● **Records provided**
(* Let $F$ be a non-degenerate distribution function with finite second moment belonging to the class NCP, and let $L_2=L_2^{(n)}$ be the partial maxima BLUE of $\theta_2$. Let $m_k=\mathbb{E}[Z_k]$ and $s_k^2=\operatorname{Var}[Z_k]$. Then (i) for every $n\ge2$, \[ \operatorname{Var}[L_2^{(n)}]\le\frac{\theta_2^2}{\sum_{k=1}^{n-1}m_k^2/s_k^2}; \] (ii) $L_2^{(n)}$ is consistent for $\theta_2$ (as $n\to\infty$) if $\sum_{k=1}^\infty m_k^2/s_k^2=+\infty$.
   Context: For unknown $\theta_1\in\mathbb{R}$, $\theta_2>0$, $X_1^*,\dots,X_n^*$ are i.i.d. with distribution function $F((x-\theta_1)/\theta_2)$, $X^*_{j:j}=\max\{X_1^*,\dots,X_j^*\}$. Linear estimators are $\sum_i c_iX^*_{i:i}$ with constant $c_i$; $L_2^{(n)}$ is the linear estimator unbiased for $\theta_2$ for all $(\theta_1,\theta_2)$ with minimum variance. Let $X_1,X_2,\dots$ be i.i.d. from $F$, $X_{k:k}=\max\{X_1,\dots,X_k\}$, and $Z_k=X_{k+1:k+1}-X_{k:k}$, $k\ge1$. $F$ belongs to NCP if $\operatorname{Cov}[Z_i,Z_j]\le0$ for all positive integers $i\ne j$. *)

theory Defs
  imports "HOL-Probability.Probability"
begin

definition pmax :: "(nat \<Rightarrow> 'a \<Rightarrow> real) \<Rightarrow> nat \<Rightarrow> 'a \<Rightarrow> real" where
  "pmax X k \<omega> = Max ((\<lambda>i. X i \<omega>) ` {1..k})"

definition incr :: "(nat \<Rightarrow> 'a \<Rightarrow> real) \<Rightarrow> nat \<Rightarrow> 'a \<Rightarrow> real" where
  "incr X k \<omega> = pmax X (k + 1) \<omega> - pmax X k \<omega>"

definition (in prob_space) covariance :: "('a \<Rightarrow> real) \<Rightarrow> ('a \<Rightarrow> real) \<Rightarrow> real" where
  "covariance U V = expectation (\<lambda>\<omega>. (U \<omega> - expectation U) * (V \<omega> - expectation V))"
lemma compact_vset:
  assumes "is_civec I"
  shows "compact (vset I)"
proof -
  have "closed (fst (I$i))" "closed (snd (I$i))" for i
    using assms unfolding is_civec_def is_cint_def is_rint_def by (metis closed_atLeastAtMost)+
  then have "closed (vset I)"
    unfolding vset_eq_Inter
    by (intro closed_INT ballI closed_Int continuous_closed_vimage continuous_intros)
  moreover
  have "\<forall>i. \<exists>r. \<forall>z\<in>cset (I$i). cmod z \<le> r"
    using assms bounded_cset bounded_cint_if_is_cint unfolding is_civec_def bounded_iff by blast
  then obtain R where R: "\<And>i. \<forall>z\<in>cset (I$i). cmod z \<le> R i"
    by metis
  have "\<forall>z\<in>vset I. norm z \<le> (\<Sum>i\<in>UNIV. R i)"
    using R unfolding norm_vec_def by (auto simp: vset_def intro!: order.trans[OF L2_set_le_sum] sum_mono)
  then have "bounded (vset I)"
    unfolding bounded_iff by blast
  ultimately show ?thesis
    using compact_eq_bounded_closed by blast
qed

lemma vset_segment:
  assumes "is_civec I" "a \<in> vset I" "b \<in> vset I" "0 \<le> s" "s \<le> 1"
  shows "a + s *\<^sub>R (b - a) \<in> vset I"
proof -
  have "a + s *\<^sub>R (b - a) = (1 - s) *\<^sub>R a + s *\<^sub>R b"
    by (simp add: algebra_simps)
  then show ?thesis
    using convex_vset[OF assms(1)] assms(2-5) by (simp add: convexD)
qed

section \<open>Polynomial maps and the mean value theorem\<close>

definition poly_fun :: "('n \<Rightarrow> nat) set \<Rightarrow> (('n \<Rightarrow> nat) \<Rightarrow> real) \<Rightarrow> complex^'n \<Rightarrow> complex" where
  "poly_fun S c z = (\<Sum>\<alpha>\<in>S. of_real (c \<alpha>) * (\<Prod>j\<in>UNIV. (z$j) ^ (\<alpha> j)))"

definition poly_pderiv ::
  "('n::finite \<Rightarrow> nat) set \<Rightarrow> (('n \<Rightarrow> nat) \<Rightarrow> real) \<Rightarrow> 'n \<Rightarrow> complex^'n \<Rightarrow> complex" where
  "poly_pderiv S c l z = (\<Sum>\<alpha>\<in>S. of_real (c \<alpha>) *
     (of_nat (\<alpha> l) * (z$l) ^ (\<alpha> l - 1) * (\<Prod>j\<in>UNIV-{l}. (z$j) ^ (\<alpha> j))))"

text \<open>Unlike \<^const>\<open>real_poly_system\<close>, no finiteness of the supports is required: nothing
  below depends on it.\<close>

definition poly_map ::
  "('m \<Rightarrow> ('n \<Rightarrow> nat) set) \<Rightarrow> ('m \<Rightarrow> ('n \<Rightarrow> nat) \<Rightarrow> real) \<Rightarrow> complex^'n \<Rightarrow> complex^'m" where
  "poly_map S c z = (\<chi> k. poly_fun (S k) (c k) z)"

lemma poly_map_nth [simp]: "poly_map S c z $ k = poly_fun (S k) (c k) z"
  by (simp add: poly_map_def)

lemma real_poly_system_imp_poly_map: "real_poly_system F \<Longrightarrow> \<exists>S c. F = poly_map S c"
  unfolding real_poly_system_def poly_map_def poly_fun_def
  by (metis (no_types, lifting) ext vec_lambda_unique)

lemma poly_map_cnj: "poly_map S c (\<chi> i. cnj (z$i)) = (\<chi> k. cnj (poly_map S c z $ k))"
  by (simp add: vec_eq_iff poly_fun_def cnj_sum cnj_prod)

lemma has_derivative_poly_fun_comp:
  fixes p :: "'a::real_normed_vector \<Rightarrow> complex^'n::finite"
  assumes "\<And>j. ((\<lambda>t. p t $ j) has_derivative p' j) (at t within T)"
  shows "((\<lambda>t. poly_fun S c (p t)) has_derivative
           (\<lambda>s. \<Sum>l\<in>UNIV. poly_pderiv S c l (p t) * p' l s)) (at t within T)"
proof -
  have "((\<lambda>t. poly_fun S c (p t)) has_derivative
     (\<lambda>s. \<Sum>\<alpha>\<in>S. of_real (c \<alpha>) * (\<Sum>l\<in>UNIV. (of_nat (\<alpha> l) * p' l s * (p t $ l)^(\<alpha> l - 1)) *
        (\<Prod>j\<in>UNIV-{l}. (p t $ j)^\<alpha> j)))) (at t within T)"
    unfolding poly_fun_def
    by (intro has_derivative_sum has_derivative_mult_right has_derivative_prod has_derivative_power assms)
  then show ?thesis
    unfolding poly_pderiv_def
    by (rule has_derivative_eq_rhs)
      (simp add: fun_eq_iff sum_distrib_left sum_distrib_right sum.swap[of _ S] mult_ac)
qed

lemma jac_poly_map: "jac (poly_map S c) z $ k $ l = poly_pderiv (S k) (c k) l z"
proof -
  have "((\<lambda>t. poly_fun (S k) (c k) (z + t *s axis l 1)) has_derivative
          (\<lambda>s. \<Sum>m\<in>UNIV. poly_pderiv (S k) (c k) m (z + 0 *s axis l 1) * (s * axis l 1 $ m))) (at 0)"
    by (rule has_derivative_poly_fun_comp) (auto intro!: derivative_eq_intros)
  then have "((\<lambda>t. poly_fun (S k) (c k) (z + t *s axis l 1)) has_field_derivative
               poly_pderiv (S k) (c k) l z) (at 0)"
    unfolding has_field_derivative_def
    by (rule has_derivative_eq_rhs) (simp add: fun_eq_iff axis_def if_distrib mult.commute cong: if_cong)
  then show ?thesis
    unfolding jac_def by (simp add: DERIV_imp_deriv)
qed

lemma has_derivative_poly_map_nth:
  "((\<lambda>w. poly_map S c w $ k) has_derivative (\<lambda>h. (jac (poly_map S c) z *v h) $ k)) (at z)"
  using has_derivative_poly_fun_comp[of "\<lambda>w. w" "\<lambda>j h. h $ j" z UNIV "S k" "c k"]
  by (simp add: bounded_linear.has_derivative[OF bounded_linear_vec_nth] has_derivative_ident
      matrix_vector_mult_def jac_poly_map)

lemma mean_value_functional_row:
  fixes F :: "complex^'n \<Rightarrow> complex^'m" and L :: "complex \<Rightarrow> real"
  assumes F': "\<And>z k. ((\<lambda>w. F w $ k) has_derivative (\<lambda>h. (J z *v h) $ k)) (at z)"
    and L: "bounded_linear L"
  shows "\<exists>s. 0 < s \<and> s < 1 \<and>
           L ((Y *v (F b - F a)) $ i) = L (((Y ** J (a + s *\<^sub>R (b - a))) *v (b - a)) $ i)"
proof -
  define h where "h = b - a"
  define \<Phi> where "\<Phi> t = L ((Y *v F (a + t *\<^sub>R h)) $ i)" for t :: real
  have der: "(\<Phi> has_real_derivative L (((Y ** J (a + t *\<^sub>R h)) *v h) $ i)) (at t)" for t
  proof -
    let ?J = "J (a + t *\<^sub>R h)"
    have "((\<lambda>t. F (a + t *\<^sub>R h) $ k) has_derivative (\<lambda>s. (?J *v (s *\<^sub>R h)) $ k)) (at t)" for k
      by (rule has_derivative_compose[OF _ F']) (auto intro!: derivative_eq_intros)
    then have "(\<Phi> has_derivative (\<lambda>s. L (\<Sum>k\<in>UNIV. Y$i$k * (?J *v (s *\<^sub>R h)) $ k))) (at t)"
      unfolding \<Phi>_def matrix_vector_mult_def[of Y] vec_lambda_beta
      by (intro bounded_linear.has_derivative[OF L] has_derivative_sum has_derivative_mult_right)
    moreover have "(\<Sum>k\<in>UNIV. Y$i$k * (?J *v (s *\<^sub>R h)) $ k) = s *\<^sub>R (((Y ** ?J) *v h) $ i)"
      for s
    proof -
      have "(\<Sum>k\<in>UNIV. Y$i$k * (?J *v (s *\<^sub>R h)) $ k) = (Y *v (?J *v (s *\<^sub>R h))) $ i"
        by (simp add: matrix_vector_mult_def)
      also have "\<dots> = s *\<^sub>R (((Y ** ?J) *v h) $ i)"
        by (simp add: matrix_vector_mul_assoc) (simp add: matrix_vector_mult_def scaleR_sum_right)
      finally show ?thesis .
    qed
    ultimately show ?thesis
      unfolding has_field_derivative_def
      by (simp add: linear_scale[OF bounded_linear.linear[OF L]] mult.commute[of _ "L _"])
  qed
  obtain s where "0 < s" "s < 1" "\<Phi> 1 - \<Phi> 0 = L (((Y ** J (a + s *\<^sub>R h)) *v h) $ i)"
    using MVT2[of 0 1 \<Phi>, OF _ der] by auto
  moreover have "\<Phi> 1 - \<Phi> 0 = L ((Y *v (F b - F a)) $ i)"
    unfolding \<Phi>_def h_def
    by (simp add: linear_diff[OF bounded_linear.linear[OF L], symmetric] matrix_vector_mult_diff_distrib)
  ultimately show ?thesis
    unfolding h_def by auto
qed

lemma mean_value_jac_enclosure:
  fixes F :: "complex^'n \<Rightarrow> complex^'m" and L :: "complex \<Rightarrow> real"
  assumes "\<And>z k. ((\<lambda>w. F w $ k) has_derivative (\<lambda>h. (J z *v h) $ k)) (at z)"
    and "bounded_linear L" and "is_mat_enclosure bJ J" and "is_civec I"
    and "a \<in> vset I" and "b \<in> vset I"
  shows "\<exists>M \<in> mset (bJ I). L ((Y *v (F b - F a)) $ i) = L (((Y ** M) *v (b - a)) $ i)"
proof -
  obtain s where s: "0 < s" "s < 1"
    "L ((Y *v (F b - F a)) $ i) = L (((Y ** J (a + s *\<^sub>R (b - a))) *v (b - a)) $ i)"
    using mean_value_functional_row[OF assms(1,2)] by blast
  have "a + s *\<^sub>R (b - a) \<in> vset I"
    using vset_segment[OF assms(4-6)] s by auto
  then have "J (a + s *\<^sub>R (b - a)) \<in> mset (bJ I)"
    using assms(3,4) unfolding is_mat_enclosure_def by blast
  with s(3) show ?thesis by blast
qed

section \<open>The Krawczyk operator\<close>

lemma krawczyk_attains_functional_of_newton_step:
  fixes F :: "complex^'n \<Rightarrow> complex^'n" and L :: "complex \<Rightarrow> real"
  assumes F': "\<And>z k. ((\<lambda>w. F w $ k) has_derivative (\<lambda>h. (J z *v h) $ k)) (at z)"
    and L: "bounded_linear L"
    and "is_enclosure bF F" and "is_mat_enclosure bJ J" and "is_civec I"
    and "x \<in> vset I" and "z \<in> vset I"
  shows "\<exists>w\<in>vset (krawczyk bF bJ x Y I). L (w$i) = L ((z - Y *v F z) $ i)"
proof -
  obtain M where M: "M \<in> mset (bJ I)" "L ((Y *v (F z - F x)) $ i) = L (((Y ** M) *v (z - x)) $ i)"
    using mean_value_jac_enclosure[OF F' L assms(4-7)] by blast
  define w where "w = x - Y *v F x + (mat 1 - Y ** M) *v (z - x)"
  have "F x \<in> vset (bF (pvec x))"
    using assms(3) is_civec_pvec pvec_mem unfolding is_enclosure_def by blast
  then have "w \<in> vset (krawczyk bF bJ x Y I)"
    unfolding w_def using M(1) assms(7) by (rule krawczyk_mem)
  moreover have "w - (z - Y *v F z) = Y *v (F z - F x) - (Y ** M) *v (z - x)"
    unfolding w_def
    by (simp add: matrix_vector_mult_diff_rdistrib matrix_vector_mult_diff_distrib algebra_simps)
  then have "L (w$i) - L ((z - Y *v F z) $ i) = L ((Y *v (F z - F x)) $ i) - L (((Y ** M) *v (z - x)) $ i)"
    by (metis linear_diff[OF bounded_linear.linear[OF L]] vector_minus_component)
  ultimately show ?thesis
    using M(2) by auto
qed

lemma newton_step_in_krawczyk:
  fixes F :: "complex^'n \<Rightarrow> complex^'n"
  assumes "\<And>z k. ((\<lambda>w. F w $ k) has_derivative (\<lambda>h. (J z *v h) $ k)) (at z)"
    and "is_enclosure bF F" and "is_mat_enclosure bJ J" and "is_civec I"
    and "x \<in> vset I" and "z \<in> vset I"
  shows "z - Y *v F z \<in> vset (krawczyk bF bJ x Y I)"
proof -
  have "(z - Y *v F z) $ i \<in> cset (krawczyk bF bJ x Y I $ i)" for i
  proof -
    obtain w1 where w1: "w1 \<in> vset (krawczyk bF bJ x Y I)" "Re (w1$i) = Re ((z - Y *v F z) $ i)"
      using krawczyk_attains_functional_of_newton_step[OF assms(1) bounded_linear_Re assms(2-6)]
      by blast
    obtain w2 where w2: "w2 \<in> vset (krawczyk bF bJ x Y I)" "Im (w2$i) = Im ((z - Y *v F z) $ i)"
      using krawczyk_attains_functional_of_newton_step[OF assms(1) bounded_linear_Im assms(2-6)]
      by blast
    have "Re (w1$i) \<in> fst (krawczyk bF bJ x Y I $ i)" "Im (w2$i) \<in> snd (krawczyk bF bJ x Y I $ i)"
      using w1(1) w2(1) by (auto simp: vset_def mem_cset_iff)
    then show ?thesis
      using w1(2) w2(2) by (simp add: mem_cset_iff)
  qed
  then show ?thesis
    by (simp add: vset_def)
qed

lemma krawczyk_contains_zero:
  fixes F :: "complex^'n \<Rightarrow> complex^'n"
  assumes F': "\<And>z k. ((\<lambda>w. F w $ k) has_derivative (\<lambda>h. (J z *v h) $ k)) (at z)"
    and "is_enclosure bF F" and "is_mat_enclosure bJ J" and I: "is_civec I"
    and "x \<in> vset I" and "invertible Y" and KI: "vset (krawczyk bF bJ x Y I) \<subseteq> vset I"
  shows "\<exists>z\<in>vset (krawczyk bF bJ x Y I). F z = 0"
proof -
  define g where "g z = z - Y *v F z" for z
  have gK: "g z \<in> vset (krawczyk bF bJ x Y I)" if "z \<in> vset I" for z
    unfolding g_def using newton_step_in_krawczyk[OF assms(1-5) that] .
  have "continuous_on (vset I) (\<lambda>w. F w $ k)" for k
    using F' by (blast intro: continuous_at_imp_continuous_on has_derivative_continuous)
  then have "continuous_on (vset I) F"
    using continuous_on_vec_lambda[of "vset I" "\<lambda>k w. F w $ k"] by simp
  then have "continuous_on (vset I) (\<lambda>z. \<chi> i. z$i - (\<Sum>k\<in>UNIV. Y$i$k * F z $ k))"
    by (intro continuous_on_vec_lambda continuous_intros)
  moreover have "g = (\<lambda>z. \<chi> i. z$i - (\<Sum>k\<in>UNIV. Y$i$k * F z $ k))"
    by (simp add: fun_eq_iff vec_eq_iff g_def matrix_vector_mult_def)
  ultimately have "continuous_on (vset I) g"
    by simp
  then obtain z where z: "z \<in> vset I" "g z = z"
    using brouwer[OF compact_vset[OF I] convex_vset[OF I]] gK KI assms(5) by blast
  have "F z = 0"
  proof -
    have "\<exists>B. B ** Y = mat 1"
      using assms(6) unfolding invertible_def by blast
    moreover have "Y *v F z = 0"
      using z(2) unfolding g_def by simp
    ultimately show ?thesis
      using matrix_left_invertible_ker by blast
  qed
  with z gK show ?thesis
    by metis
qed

● **What the task asks**
Work through the material above and count the lines that contain the word "section". Only the number is to be given.

● **Finished task**
2